Wiesler follows orders in meticulous Mission Impossible style, bugging Dreyman’s Berlin apartment and listening in on every moment of the couple’s lives from a secret command center in their apartment building’s attic. The Stasi’s interest unleashes a chain reaction of deceptions and betrayals, embroiling Wiesler himself when he discovers that his snooping is less about national security than his higher-ups’ unsavory personal agendas.
This is the feature debut of screenwriter and director Florian Henckel von Donnersmarck, who has drawn wonderful performances from his stellar cast. A standout is Mühe, who brings Wiesler to life as something far more interesting than either villain or hero. Staring through the mask of his blankly officious face, his eyes gradually reveal how much his devotion to his duty is costing him.
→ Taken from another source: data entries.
lemma falling_poly_moment_sums:
  assumes "k \<in> {1..p}"
  shows "(\<lambda>x. poly (falling_poly j) (real x) * poly (A k) (real x) * negbin_weight (\<beta> k) c x)
           sums ((c / (1 - c)) ^ j * (\<Sum>r<n k. node_weight k r * pochhammer (\<beta> k + r) j))"
proof -
  have "(1 - c) powr (- (\<beta> k + r + j)) = (1 - c) powr (- (\<beta> k + r) + - real j)" for r
    by (simp add: algebra_simps)
  also have "\<dots> r = (1 - c) powr (- (\<beta> k + r)) / (1 - c) ^ j" for r
    using c_less_1 by (subst powr_add) (simp add: powr_minus powr_realpow divide_inverse)
  finally have summand: "a k r * (pochhammer (\<beta> k) r * pochhammer (\<beta> k + r) j * c ^ j
        * (1 - c) powr (- (\<beta> k + r + j))) = (c / (1 - c)) ^ j * (node_weight k r * pochhammer (\<beta> k + r) j)" for r
    by (simp add: node_weight_def power_divide)
  have "(\<lambda>x. \<Sum>r<n k. a k r * (poly (falling_poly j) (real x) * poly (rising_poly (\<beta> k) r) (real x)
          * negbin_weight (\<beta> k) c x))
      sums (\<Sum>r<n k. (c / (1 - c)) ^ j * (node_weight k r * pochhammer (\<beta> k + r) j))"
    unfolding summand[symmetric]
    by (intro sums_sum sums_mult falling_rising_negbin_weight_sums abs_c_less_1)
  then show ?thesis
    using A_expansion[OF assms]
    by (simp add: poly_sum sum_distrib_left sum_distrib_right mult_ac)
qed

lemma node_weight_moments:
  assumes "j < N"
  shows "(\<Sum>k\<in>{1..p}. \<Sum>r<n k. node_weight k r * pochhammer (\<beta> k + r) j)
           = (if j = N - 1 then ((1 - c) / c) ^ (N - 1) else 0)"
proof -
  have "(c / (1 - c)) ^ j * (\<Sum>k\<in>{1..p}. \<Sum>r<n k. node_weight k r * pochhammer (\<beta> k + r) j)
      = (\<Sum>k\<in>{1..p}. \<Sum>x. poly (falling_poly j) (real x) * poly (A k) (real x)
           * negbin_weight (\<beta> k) c x)"
    by (subst sum_distrib_left) (intro sum.cong refl sums_unique falling_poly_moment_sums)
  also have "\<dots> = coeff (falling_poly j) (N - 1)"
    using assms by (intro sum_poly_moments) simp
  also have "\<dots> = (if j = N - 1 then 1 else 0)"
    using assms by (auto simp: coeff_eq_0)
  finally show ?thesis
    using c_pos c_less_1 by (auto simp: field_simps power_divide)
qed

lemma node_weight_mult_prod_node_diffs:
  assumes "i \<in> {1..p}" "r < n i"
  shows "node_weight i r
           * (\<Prod>t\<in>Sigma {1..p} (\<lambda>k. {..<n k}) - {(i, r)}. \<beta> i + real r - (\<beta> (fst t) + real (snd t)))
         = ((1 - c) / c) ^ (N - 1)"
proof -
  let ?T = "Sigma {1..p} (\<lambda>k. {..<n k})"
  have "N = card ?T" by (simp add: mindex_size_def)
  moreover have "n i \<le> N"
    unfolding mindex_size_def using assms(1) by (intro member_le_sum) auto
  ultimately have "card ?T = Suc (N - 1)" using assms(2) by simp
  moreover have "(\<Sum>t\<in>?T. node_weight (fst t) (snd t) * pochhammer (\<beta> (fst t) + real (snd t)) j)
      = (if j = N - 1 then ((1 - c) / c) ^ (N - 1) else 0)" if "j \<le> N - 1" for j
  proof -
    have "(\<Sum>t\<in>?T. node_weight (fst t) (snd t) * pochhammer (\<beta> (fst t) + real (snd t)) j)
        = (\<Sum>k\<in>{1..p}. \<Sum>r<n k. node_weight k r * pochhammer (\<beta> k + real r) j)"
      by (subst sum.Sigma) (auto simp: split_beta)
    then show ?thesis
      using node_weight_moments[of j] that \<open>card ?T = Suc (N - 1)\<close> \<open>N = card ?T\<close> by simp
  qed
  ultimately show ?thesis
    using weight_mult_prod_node_diffs_eq[where T = ?T and M = "N - 1" and t\<^sub>0 = "(i, r)"
        and d = "\<lambda>t. node_weight (fst t) (snd t)" and s = "\<lambda>t. \<beta> (fst t) + real (snd t)"] assms
    by simp
qed

lemma a_eq_meixner2_coeff:
  assumes i: "i \<in> {1..p}" and r: "r < n i"
  shows "a i r = meixner2_coeff p \<beta> c n i r"
proof -
  define J where "J = {1..p} - {i}"
  define G where "G = (\<Prod>t\<in>Sigma {1..p} (\<lambda>k. {..<n k}) - {(i, r)}.
    \<beta> i + real r - (\<beta> (fst t) + real (snd t)))"
  define P where "P = pochhammer (1 - real (n i)) r
    * (\<Prod>k\<in>J. pochhammer (\<beta> i + 1 - \<beta> k - real (n k)) r)"
  define Q where "Q = (\<Prod>k\<in>J. pochhammer (\<beta> k - \<beta> i) (n k))"
  define S where "S = (\<Prod>k\<in>J. pochhammer (\<beta> i + 1 - \<beta> k) r)"
  have "Q \<noteq> 0" "S \<noteq> 0"
    using pochhammer_beta_diff_neq_0 i by (auto simp: Q_def S_def J_def)
  have poch: "pochhammer (\<beta> i) r \<noteq> 0"
    using beta_pos[OF i] by (auto simp: pochhammer_eq_0_iff)
  have nodes: "G * ((-1) ^ (N - 1) * P) = fact (n i - 1) * fact r * Q * S"
    using prod_node_diffs_eq[where I = "{1..p}" and \<beta> = \<beta> and n = n] i r
    by (simp add: G_def P_def Q_def S_def J_def mindex_size_def mult_ac)
  have "node_weight i r * G = ((1 - c) / c) ^ (N - 1)"
    unfolding G_def by (rule node_weight_mult_prod_node_diffs[OF i r])
  then have "node_weight i r * (fact (n i - 1) * fact r * Q * S)
      = ((1 - c) / c) ^ (N - 1) * ((-1) ^ (N - 1) * P)"
    unfolding nodes[symmetric] by (simp add: mult_ac)
  then have weight: "node_weight i r
      = ((1 - c) / c) ^ (N - 1) * ((-1) ^ (N - 1) * P) / (fact (n i - 1) * fact r * Q * S)"
    using \<open>Q \<noteq> 0\<close> \<open>S \<noteq> 0\<close> by (simp add: eq_divide_eq)
  have "n i \<le> N"
    unfolding mindex_size_def using i by (intro member_le_sum) auto
  with r have "\<beta> i + real N - 1 = \<beta> i + real (N - 1)" by (simp add: of_nat_diff)
  then have "(1 - c) powr (\<beta> i + real N - 1) = (1 - c) powr \<beta> i * (1 - c) ^ (N - 1)"
    using c_less_1 by (simp only: powr_add powr_realpow)
  moreover have "(1 - c) powr (\<beta> i + r) = (1 - c) powr \<beta> i * (1 - c) ^ r"
    using c_less_1 by (simp add: powr_add powr_realpow)
  moreover have "a i r = node_weight i r * (1 - c) powr (\<beta> i + r) / pochhammer (\<beta> i) r"
    using c_less_1 poch unfolding node_weight_def powr_minus by (simp add: field_simps)
  ultimately show ?thesis
    using c_pos c_less_1 poch \<open>Q \<noteq> 0\<close> \<open>S \<noteq> 0\<close>
    by (simp add: weight meixner2_coeff_def Let_def P_def Q_def S_def J_def field_simps power_divide)
qed

end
Henckel von Donnersmark also succeeds in capturing the other-worldly quality of East Berlin during the Communist era, its empty streets, obsolete technologies, and obliviously unironic retro style. In contrast to Goodbye Lenin, which viewed the ancient regime through a scrim of good-humored nostalgia, The Lives of Others never lets us forget that the passé design and worse food are the corollaries of millions of lives deformed by soul-rotting oppression. Yet as soon as Communism collapses, the graffiti that blares across every surface points to our capitalist freedoms—and also to our own lengthy menu of discontents.
One of the many themes twining through the film is art’s function as both solace and subversion, opiate and catalyst. Dreyman’s book-filled, rambling apartment, with its grand piano and Western newspapers, is contrasted to Wiesler’s sterile high-rise cubicle, an environment so harshly rationalized—there’s even a Stasi prostitute who provides her services on a tight schedule—that it seems designed to purge feeling of any kind.
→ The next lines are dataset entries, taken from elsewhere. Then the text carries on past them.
(* The last hypothesis says that b \<mapsto> \<theta> b \<otimes> inv b is injective: \<theta> is an orthomorphism. *)
lemma (in comm_group) orthogonal_latin_squares_orthomorphism:
  assumes \<theta>: "\<theta> \<in> carrier G \<rightarrow> carrier G" "inj_on \<theta> (carrier G)"
    and orth: "\<And>b d. b \<in> carrier G \<Longrightarrow> d \<in> carrier G \<Longrightarrow> \<theta> b \<otimes> d = \<theta> d \<otimes> b \<Longrightarrow> b = d"
  shows "orthogonal_latin_squares (carrier G) (\<lambda>a b. a \<otimes> b) (\<lambda>a b. a \<otimes> \<theta> b)"
proof -
  have \<theta>G: "\<theta> b \<in> carrier G" if "b \<in> carrier G" for b using \<theta>(1) that by blast
  have "latin_square (carrier G) (\<lambda>a b. a \<otimes> b)"
    unfolding latin_square_def by (auto intro!: inj_onI)
  moreover have "latin_square (carrier G) (\<lambda>a b. a \<otimes> \<theta> b)"
    unfolding latin_square_def using \<theta>G inj_onD[OF \<theta>(2)] by (auto intro!: inj_onI)
  moreover have "inj_on (\<lambda>(a, b). (a \<otimes> b, a \<otimes> \<theta> b)) (carrier G \<times> carrier G)"
  proof (rule inj_onI, clarify)
    fix a b c d assume G: "a \<in> carrier G" "b \<in> carrier G" "c \<in> carrier G" "d \<in> carrier G"
      and Q: "a \<otimes> b = c \<otimes> d" and R: "a \<otimes> \<theta> b = c \<otimes> \<theta> d"
    have "(a \<otimes> c) \<otimes> (\<theta> b \<otimes> d) = (a \<otimes> \<theta> b) \<otimes> (c \<otimes> d)"
      using G \<theta>G by (simp add: m_ac)
    also have "\<dots> = (c \<otimes> \<theta> d) \<otimes> (a \<otimes> b)" using G \<theta>G by (simp add: Q R m_comm)
    also have "\<dots> = (a \<otimes> c) \<otimes> (\<theta> d \<otimes> b)" using G \<theta>G by (simp add: m_ac)
    finally have "\<theta> b \<otimes> d = \<theta> d \<otimes> b" using G \<theta>G by simp
    then have "b = d" using G orth by blast
    then show "a = c \<and> b = d" using Q G by simp
  qed
  ultimately show ?thesis unfolding orthogonal_latin_squares_def by blast
qed

lemma comm_group_DirProd:
  assumes "comm_group G" "comm_group H"
  shows "comm_group (G \<times>\<times> H)"
proof -
  interpret G: comm_group G by fact
  interpret H: comm_group H by fact
  show ?thesis
    by (rule group.group_comm_groupI[OF DirProd_group[OF G.is_group H.is_group]])
      (auto simp: G.m_comm H.m_comm)
qed

lemma mod_eq_bounded_diff:
  fixes m x y :: int
  assumes "0 < m" "x mod m = y mod m" "\<bar>x - y\<bar> \<le> m"
  shows "x - y \<in> {-m, 0, m}"
proof -
  obtain q where q: "x - y = m * q"
    using assms(2) by (metis mod_eq_dvd_iff dvd_def)
  have "m * \<bar>q\<bar> \<le> m * 1"
    using assms(1,3) q by (simp add: abs_mult)
  then have "q \<in> {-1, 0, 1}" using assms(1) by auto
  then show ?thesis using q by auto
qed

lemma orthogonal_latin_squares_odd_order:
  assumes "odd n"
  shows "orthogonal_latin_squares {0..<int n} (\<lambda>a b. (a + b) mod int n) (\<lambda>a b. (a + 2 * b) mod int n)"
proof -
  let ?Z = "integer_mod_group n"
  have n: "0 < int n" using assms by (simp add: odd_pos)
  have coprime: "coprime (int n) 2" using assms by simp
  have Z: "carrier ?Z = {0..<int n}" using n by (simp add: carrier_integer_mod_group)
  have "orthogonal_latin_squares (carrier ?Z) (\<lambda>a b. a \<otimes>\<^bsub>?Z\<^esub> b) (\<lambda>a b. a \<otimes>\<^bsub>?Z\<^esub> (2 * b mod int n))"
  proof (rule comm_group.orthogonal_latin_squares_orthomorphism)
    show "(\<lambda>b. 2 * b mod int n) \<in> carrier ?Z \<rightarrow> carrier ?Z" using n Z by auto
  next
    show "inj_on (\<lambda>b. 2 * b mod int n) (carrier ?Z)"
    proof (rule inj_onI)
      fix b d assume b: "b \<in> carrier ?Z" and d: "d \<in> carrier ?Z"
        and "2 * b mod int n = 2 * d mod int n"
      then have "int n dvd 2 * (b - d)" by (simp only: mod_eq_dvd_iff right_diff_distrib)
      then have "b mod int n = d mod int n"
        using coprime_dvd_mult_right_iff[OF coprime] by (simp only: mod_eq_dvd_iff)
      then show "b = d" using b d Z by simp
    qed
  next
    fix b d assume b: "b \<in> carrier ?Z" and d: "d \<in> carrier ?Z"
      and "2 * b mod int n \<otimes>\<^bsub>?Z\<^esub> d = 2 * d mod int n \<otimes>\<^bsub>?Z\<^esub> b"
    then have "(2 * b + d) mod int n = (2 * d + b) mod int n" by (simp add: mod_add_left_eq)
    then have "int n dvd (2 * b + d) - (2 * d + b)" by (simp only: mod_eq_dvd_iff)
    then have "b mod int n = d mod int n" by (simp add: mod_eq_dvd_iff)
    then show "b = d" using b d Z by simp
  qed simp
  then show ?thesis using Z by (simp add: mod_add_right_eq)
qed

definition z2_z2k_orthomorphism :: "int \<Rightarrow> int \<times> int \<Rightarrow> int \<times> int" where
  "z2_z2k_orthomorphism k b = ((fst b + snd b) mod 2, (snd b div 2 + fst b * k) mod (2 * k))"

lemma z2_z2k_orthomorphism_inj:
  fixes k :: int
  assumes "0 < k"
  shows "inj_on (z2_z2k_orthomorphism k) ({0..<2} \<times> {0..<2 * k})"
proof (rule inj_onI, clarify)
  fix b1 b2 d1 d2 :: int
  assume range: "b1 \<in> {0..<2}" "b2 \<in> {0..<2 * k}" "d1 \<in> {0..<2}" "d2 \<in> {0..<2 * k}"
    and eq: "z2_z2k_orthomorphism k (b1, b2) = z2_z2k_orthomorphism k (d1, d2)"
  have b1d1: "b1 \<in> {0, 1}" "d1 \<in> {0, 1}" using range by auto
  have half: "b2 div 2 \<in> {0..<k}" "d2 div 2 \<in> {0..<k}" using range by auto
  then have "b2 div 2 + b1 * k \<in> {0..<2 * k}" "d2 div 2 + d1 * k \<in> {0..<2 * k}"
    using b1d1 by auto
  then have sum: "b2 div 2 + b1 * k = d2 div 2 + d1 * k"
    and parity: "(b1 + b2) mod 2 = (d1 + d2) mod 2"
    using eq by (simp_all add: z2_z2k_orthomorphism_def)
  have "b1 = d1" using sum b1d1 half by auto
  moreover have "b2 div 2 = d2 div 2" using sum \<open>b1 = d1\<close> by simp
  moreover have "b2 mod 2 = d2 mod 2" using parity \<open>b1 = d1\<close> by presburger
  ultimately show "b1 = d1 \<and> b2 = d2" by presburger
qed

lemma z2_z2k_orthomorphism_diff_inj:
  fixes k :: int
  assumes "0 < k" and range: "b1 \<in> {0..<2}" "b2 \<in> {0..<2 * k}" "d1 \<in> {0..<2}" "d2 \<in> {0..<2 * k}"
    and eq1: "(fst (z2_z2k_orthomorphism k (b1, b2)) + d1) mod 2
              = (fst (z2_z2k_orthomorphism k (d1, d2)) + b1) mod 2"
    and eq2: "(snd (z2_z2k_orthomorphism k (b1, b2)) + d2) mod (2 * k)
              = (snd (z2_z2k_orthomorphism k (d1, d2)) + b2) mod (2 * k)"
  shows "b1 = d1 \<and> b2 = d2"
proof -
  have b1d1: "b1 \<in> {0, 1}" "d1 \<in> {0, 1}" using range by auto
  then have k: "b1 * k \<in> {0, k}" "d1 * k \<in> {0, k}" by auto
  have parity: "b2 mod 2 = d2 mod 2"
    using eq1 by (simp add: z2_z2k_orthomorphism_def mod_add_left_eq) presburger
  \<comment> \<open>\<open>b2 - b2 div 2\<close> is \<open>\<lceil>b2/2\<rceil>\<close>, which ranges over \<open>[0, k]\<close>; its extreme values are taken
    only at \<open>b2 = 0\<close> and \<open>b2 = 2k - 1\<close>, which have different parity.\<close>
  define cb cd where "cb = b2 - b2 div 2" and "cd = d2 - d2 div 2"
  have c: "0 \<le> cb" "cb \<le> k" "0 \<le> cd" "cd \<le> k"
    "cb = 0 \<Longrightarrow> b2 = 0" "cb = k \<Longrightarrow> b2 = 2 * k - 1" "cd = 0 \<Longrightarrow> d2 = 0" "cd = k \<Longrightarrow> d2 = 2 * k - 1"
    using range unfolding cb_def cd_def by auto
  have "(b2 div 2 + b1 * k + d2) - (d2 div 2 + d1 * k + b2) \<in> {-(2 * k), 0, 2 * k}"
    using eq2 range k assms(1)
    by (intro mod_eq_bounded_diff) (auto simp: z2_z2k_orthomorphism_def mod_add_left_eq)
  then have diff: "cd - cb + (b1 * k - d1 * k) \<in> {-(2 * k), 0, 2 * k}"
    unfolding cb_def cd_def by (simp add: algebra_simps)
  show ?thesis
  proof (cases "b1 = d1")
    case True
    then have "cb = cd" using diff c assms(1) by auto
    then show ?thesis using True parity unfolding cb_def cd_def by presburger
  next
    case False
    then have "b1 * k - d1 * k \<in> {-k, k}" using b1d1 by auto
    then have "b2 \<in> {0, 2 * k - 1} \<and> d2 \<in> {0, 2 * k - 1} \<and> b2 \<noteq> d2"
      using diff c assms(1) by auto
    then show ?thesis using parity by auto
  qed
qed

lemma orthogonal_latin_squares_order_4k:
  assumes "0 < k"
  shows "\<exists>Q R. orthogonal_latin_squares ({0..<2::int} \<times> {0..<2 * int k}) Q R"
proof -
  let ?G = "integer_mod_group 2 \<times>\<times> integer_mod_group (2 * k)"
  let ?\<theta> = "z2_z2k_orthomorphism (int k)"
  have G: "carrier ?G = {0..<2::int} \<times> {0..<2 * int k}"
    using assms by (simp add: carrier_integer_mod_group)
  have "orthogonal_latin_squares (carrier ?G) (\<lambda>a b. a \<otimes>\<^bsub>?G\<^esub> b) (\<lambda>a b. a \<otimes>\<^bsub>?G\<^esub> ?\<theta> b)"
  proof (rule comm_group.orthogonal_latin_squares_orthomorphism)
    show "comm_group ?G" by (simp add: comm_group_DirProd)
    show "?\<theta> \<in> carrier ?G \<rightarrow> carrier ?G"
      using assms unfolding G by (auto simp: z2_z2k_orthomorphism_def)
    show "inj_on ?\<theta> (carrier ?G)"
      unfolding G using z2_z2k_orthomorphism_inj assms by simp
  next
    fix b d assume "b \<in> carrier ?G" "d \<in> carrier ?G" and "?\<theta> b \<otimes>\<^bsub>?G\<^esub> d = ?\<theta> d \<otimes>\<^bsub>?G\<^esub> b"
    then show "b = d"
      using z2_z2k_orthomorphism_diff_inj[of "int k" "fst b" "snd b" "fst d" "snd d"] assms
      unfolding G by (auto simp: mult_DirProd')
  qed
  then show ?thesis unfolding G by blast
qed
Dreyman’s mild bohemianism has allowed him to accommodate himself to the powers that be, yet it represents a rebuke to his patrons as well. And that which makes life in East Germany bearable for him, by evoking ideas and emotions that can’t be officially sanctioned, ultimately makes it unbearable as well.
It’s an idea that’s powerfully dramatized by the film’s gorgeous score, composed by Gabriel Yared, whose previous work includes the music for The Talented Mr. Ripley and The English Patient. A turning point in The Lives of Others hinges on a ravishing piano piece entitled “Sonata for a Good Person,” also composed by Yared, which credibly provokes Wiesler to ask himself, “Can anyone who has heard this music, I mean truly heard it, really be a bad person?”—and to dread the implications of even raising that question.
Wiesler’s rigid self-control and haunted eyes reveal the hopelessness of the regime’s effort to endlessly extend its power, “to know everything.” The Stasi fails to uncover evidence of Dreyman’s disloyalty to the regime—he isn’t disloyal. But the weight of the state’s suspicion eventually drives Dreyman (and not only Dreyman) to otherwise unthinkable acts of rebellion. Like controlling parents and jealous lovers, the overbearing state makes real what it most fears. No matter how sincerely devoted people may be to the party, the leader, the system, the object of their loyalty will always suspect they’re holding something back. That’s because they always are. The Lives of Others reminds us that secrets and conflicting desires, messiness and contradiction are intrinsic to our humanity—even the humanity of the secret police.